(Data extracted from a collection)
(* Assume the vector variational inequality defined by $F$ and $K$ is monotone. (a) If the proper Pareto solution set $\mathrm{Sol}^{pr}(F,K)$ is disconnected, then each connected component of $\mathrm{Sol}^{pr}(F,K)$ is unbounded. (b) If $\mathrm{Sol}^{pr}(F,K)$ is bounded and nonempty, then it is connected.
   Context: Let $K\subset\mathbb{R}^n$ be a nonempty closed convex set and $F_1,\dots,F_m:K\to\mathbb{R}^n$ continuous functions. The problem is monotone if each $F_l$ is monotone on $K$: $\langle F_l(y)-F_l(x),y-x\rangle\ge0$ for all $x,y\in K$. Let $\Delta=\{\xi\in\mathbb{R}^m_+:\sum_l\xi_l=1\}$, $\operatorname{ri}\Delta=\{\xi\in\Delta:\xi_l>0,\ l=1,\dots,m\}$ and $F_\xi=\sum_l\xi_lF_l$. For $G:K\to\mathbb{R}^n$, $\mathrm{Sol}(G,K)=\{x\in K:\langle G(x),y-x\rangle\ge0\ \forall y\in K\}$. The proper Pareto solution set is $\mathrm{Sol}^{pr}(F,K)=\bigcup_{\xi\in\operatorname{ri}\Delta}\mathrm{Sol}(F_\xi,K)$. *)

theory Defs
  imports "HOL-Analysis.Analysis"
begin

definition VI_Sol :: "('a::real_inner \<Rightarrow> 'a) \<Rightarrow> 'a set \<Rightarrow> 'a set" where
  "VI_Sol G K = {x \<in> K. \<forall>y\<in>K. G x \<bullet> (y - x) \<ge> 0}"

definition ri_simplex :: "nat \<Rightarrow> (nat \<Rightarrow> real) set" where
  "ri_simplex m = {\<xi>. (\<forall>l<m. \<xi> l > 0) \<and> (\<Sum>l<m. \<xi> l) = 1}"

definition F_xi :: "nat \<Rightarrow> (nat \<Rightarrow> 'a \<Rightarrow> 'a::real_vector) \<Rightarrow> (nat \<Rightarrow> real) \<Rightarrow> 'a \<Rightarrow> 'a" where
  "F_xi m F \<xi> x = (\<Sum>l<m. \<xi> l *\<^sub>R F l x)"

definition Sol_pr :: "nat \<Rightarrow> (nat \<Rightarrow> 'a \<Rightarrow> 'a::real_inner) \<Rightarrow> 'a set \<Rightarrow> 'a set" where
  "Sol_pr m F K = (\<Union>\<xi>\<in>ri_simplex m. VI_Sol (F_xi m F \<xi>) K)"

definition monotone_on_K :: "('a::real_inner \<Rightarrow> 'a) \<Rightarrow> 'a set \<Rightarrow> bool" where
  "monotone_on_K G K \<longleftrightarrow> (\<forall>x\<in>K. \<forall>y\<in>K. (G y - G x) \<bullet> (y - x) \<ge> 0)"

end

theory Submission
  imports Defs
begin

text \<open>For a continuous monotone map G on a closed convex set K, Minty's lemma makes Sol(G,K)
  convex. If Sol(G,K) is nonempty and bounded, the truncated problem on K \<inter> cball 0 R (R large)
  has no solution on the sphere of radius R; this persists under small perturbations of G, and
  then Hartman--Stampacchia on the truncation together with convexity gives nonempty solution sets
  inside one ball. Along a segment t \<mapsto> (1 - t) \<xi>0 + t \<xi>1 in the relative interior of the
  simplex, the set of t for which Sol(F_\<xi>,K) meets a bounded component C of the proper Pareto
  solution set is therefore closed (by compactness) and open (by this stability and the
  connectedness of the union of nearby solution sets), hence all of [0,1]. So every Sol(F_\<xi>,K)
  lies in C, i.e. the whole set equals C and is connected; part (b) follows from part (a).\<close>

lemma VI_Sol_subset: "VI_Sol G K \<subseteq> K"
  unfolding VI_Sol_def by auto

lemma VI_Sol_restrict:
  assumes "x \<in> VI_Sol G K" "x \<in> K'" "K' \<subseteq> K"
  shows "x \<in> VI_Sol G K'"
  using assms unfolding VI_Sol_def by auto

lemma monotone_on_K_subset:
  "monotone_on_K G K \<Longrightarrow> K' \<subseteq> K \<Longrightarrow> monotone_on_K G K'"
  unfolding monotone_on_K_def by blast

lemma Minty_imp_VI_Sol:
  assumes "convex K" "continuous_on K G" "x \<in> K" "\<forall>y\<in>K. G y \<bullet> (y - x) \<ge> 0"
  shows "x \<in> VI_Sol G K"
proof -
  have "G x \<bullet> (y - x) \<ge> 0" if y: "y \<in> K" for y
  proof -
    define p where "p = (\<lambda>t::real. x + t *\<^sub>R (y - x))"
    have pK: "p t \<in> K" if "t \<in> {0..1}" for t
    proof -
      have "p t = (1 - t) *\<^sub>R x + t *\<^sub>R y" unfolding p_def by (simp add: algebra_simps)
      then show ?thesis using assms(1,3) y that unfolding convex_alt by auto
    qed
    have pos: "G (p t) \<bullet> (y - x) \<ge> 0" if "t \<in> {0<..1}" for t
    proof -
      have "0 \<le> G (p t) \<bullet> (p t - x)" using assms(4) pK[of t] that by auto
      also have "\<dots> = t * (G (p t) \<bullet> (y - x))" unfolding p_def by simp
      finally show ?thesis using that by (simp add: zero_le_mult_iff)
    qed
    have cp: "continuous_on {0..1} p" unfolding p_def by (intro continuous_intros)
    have "continuous_on {0..1} (\<lambda>t. G (p t) \<bullet> (y - x))"
      by (intro continuous_intros continuous_on_compose2[OF assms(2) cp]) (use pK in auto)
    then have "((\<lambda>t. G (p t) \<bullet> (y - x)) \<longlongrightarrow> G (p 0) \<bullet> (y - x)) (at 0 within {0..1})"
      by (simp add: continuous_on_def)
    then have "((\<lambda>t. G (p t) \<bullet> (y - x)) \<longlongrightarrow> G (p 0) \<bullet> (y - x)) (at_right 0)"
      using at_within_Icc_at_right[of "0::real" 1] by simp
    moreover have "eventually (\<lambda>t. 0 \<le> G (p t) \<bullet> (y - x)) (at_right (0::real))"
      unfolding eventually_at_right_field by (intro exI[of _ 1]) (auto intro!: pos)
    ultimately have "0 \<le> G (p 0) \<bullet> (y - x)"
      by (rule tendsto_lowerbound) simp
    then show ?thesis unfolding p_def by simp
  qed
  then show ?thesis using assms(3) unfolding VI_Sol_def by auto
qed

lemma VI_Sol_eq_Minty:
  assumes "convex K" "continuous_on K G" "monotone_on_K G K"
  shows "VI_Sol G K = {x\<in>K. \<forall>y\<in>K. G y \<bullet> (y - x) \<ge> 0}"
proof
  show "VI_Sol G K \<subseteq> {x\<in>K. \<forall>y\<in>K. G y \<bullet> (y - x) \<ge> 0}"
  proof (intro subsetI CollectI conjI ballI)
    fix x y assume x: "x \<in> VI_Sol G K" and y: "y \<in> K"
    then have "0 \<le> (G y - G x) \<bullet> (y - x)" "0 \<le> G x \<bullet> (y - x)"
      using assms(3) unfolding monotone_on_K_def VI_Sol_def by auto
    then show "0 \<le> G y \<bullet> (y - x)" by (simp add: inner_diff_left)
  qed (use VI_Sol_subset in blast)
  show "{x\<in>K. \<forall>y\<in>K. G y \<bullet> (y - x) \<ge> 0} \<subseteq> VI_Sol G K"
    using Minty_imp_VI_Sol[OF assms(1,2)] by auto
qed

lemma convex_VI_Sol:
  assumes "convex K" "continuous_on K G" "monotone_on_K G K"
  shows "convex (VI_Sol G K)"
  unfolding VI_Sol_eq_Minty[OF assms] convex_alt
proof (intro ballI allI impI CollectI conjI)
  fix x z :: 'a and u :: real
  assume x: "x \<in> {x\<in>K. \<forall>y\<in>K. 0 \<le> G y \<bullet> (y - x)}" and z: "z \<in> {x\<in>K. \<forall>y\<in>K. 0 \<le> G y \<bullet> (y - x)}"
    and u: "0 \<le> u \<and> u \<le> 1"
  show "(1 - u) *\<^sub>R x + u *\<^sub>R z \<in> K" using assms(1) x z u unfolding convex_alt by auto
  fix y assume y: "y \<in> K"
  have "G y \<bullet> (y - ((1 - u) *\<^sub>R x + u *\<^sub>R z)) = (1 - u) * (G y \<bullet> (y - x)) + u * (G y \<bullet> (y - z))"
    by (simp add: algebra_simps)
  also have "\<dots> \<ge> 0" using x z y u by (intro add_nonneg_nonneg mult_nonneg_nonneg) auto
  finally show "0 \<le> G y \<bullet> (y - ((1 - u) *\<^sub>R x + u *\<^sub>R z))" .
qed

lemma VI_Sol_Int_cball_imp_VI_Sol:
  assumes "convex K" "x \<in> VI_Sol G (K \<inter> cball 0 R)" "norm x < R"
  shows "x \<in> VI_Sol G K"
proof -
  have xK: "x \<in> K" using assms(2) VI_Sol_subset by blast
  have "G x \<bullet> (y - x) \<ge> 0" if y: "y \<in> K" and "y \<noteq> x" for y
  proof -
    have ny: "norm (y - x) > 0" using \<open>y \<noteq> x\<close> by simp
    define s where "s = min 1 ((R - norm x) / norm (y - x))"
    have s: "0 < s" "s \<le> 1" "s * norm (y - x) \<le> R - norm x"
      unfolding s_def using assms(3) ny by (auto simp: min_def field_simps)
    define z where "z = x + s *\<^sub>R (y - x)"
    have "norm z \<le> norm x + s * norm (y - x)"
      unfolding z_def using s(1) by (metis abs_of_pos norm_scaleR norm_triangle_ineq)
    then have "z \<in> cball 0 R" using s(3) by simp
    moreover have "z \<in> K"
      using assms(1) xK y s(1,2) unfolding convex_alt z_def by (simp add: algebra_simps)
    ultimately have "0 \<le> G x \<bullet> (z - x)" using assms(2) unfolding VI_Sol_def by auto
    also have "\<dots> = s * (G x \<bullet> (y - x))" unfolding z_def by simp
    finally show ?thesis using s(1) by (simp add: zero_le_mult_iff)
  qed
  then show ?thesis using xK unfolding VI_Sol_def by fastforce
qed

text \<open>Hartman--Stampacchia: a Brouwer fixed point of x \<mapsto> P_K(x - G x), with P_K the
  projection onto K, solves the VI.\<close>
lemma VI_Sol_nonempty_compact:
  fixes G :: "'a::euclidean_space \<Rightarrow> 'a"
  assumes "compact K" "convex K" "K \<noteq> {}" "continuous_on K G"
  shows "VI_Sol G K \<noteq> {}"
proof -
  have cK: "closed K" using assms(1) compact_imp_closed by auto
  define f where "f = (\<lambda>x. closest_point K (x - G x))"
  have "continuous_on K f" unfolding f_def
    by (intro continuous_on_compose2[OF continuous_on_closest_point[OF assms(2) cK assms(3)]]
        continuous_intros assms(4)) auto
  moreover have "f \<in> K \<rightarrow> K" unfolding f_def using closest_point_in_set[OF cK assms(3)] by auto
  ultimately obtain x where x: "x \<in> K" "f x = x"
    using brouwer[OF assms(1,2,3)] by metis
  have "G x \<bullet> (y - x) \<ge> 0" if "y \<in> K" for y
    using closest_point_dot[OF assms(2) cK that, of "x - G x"] x(2) unfolding f_def
    by simp
  then show ?thesis using x unfolding VI_Sol_def by auto
qed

:: Task statement ::
Using the data above, say how many lines include "Pareto". No other reply is needed.

:: Solution to this task ::
3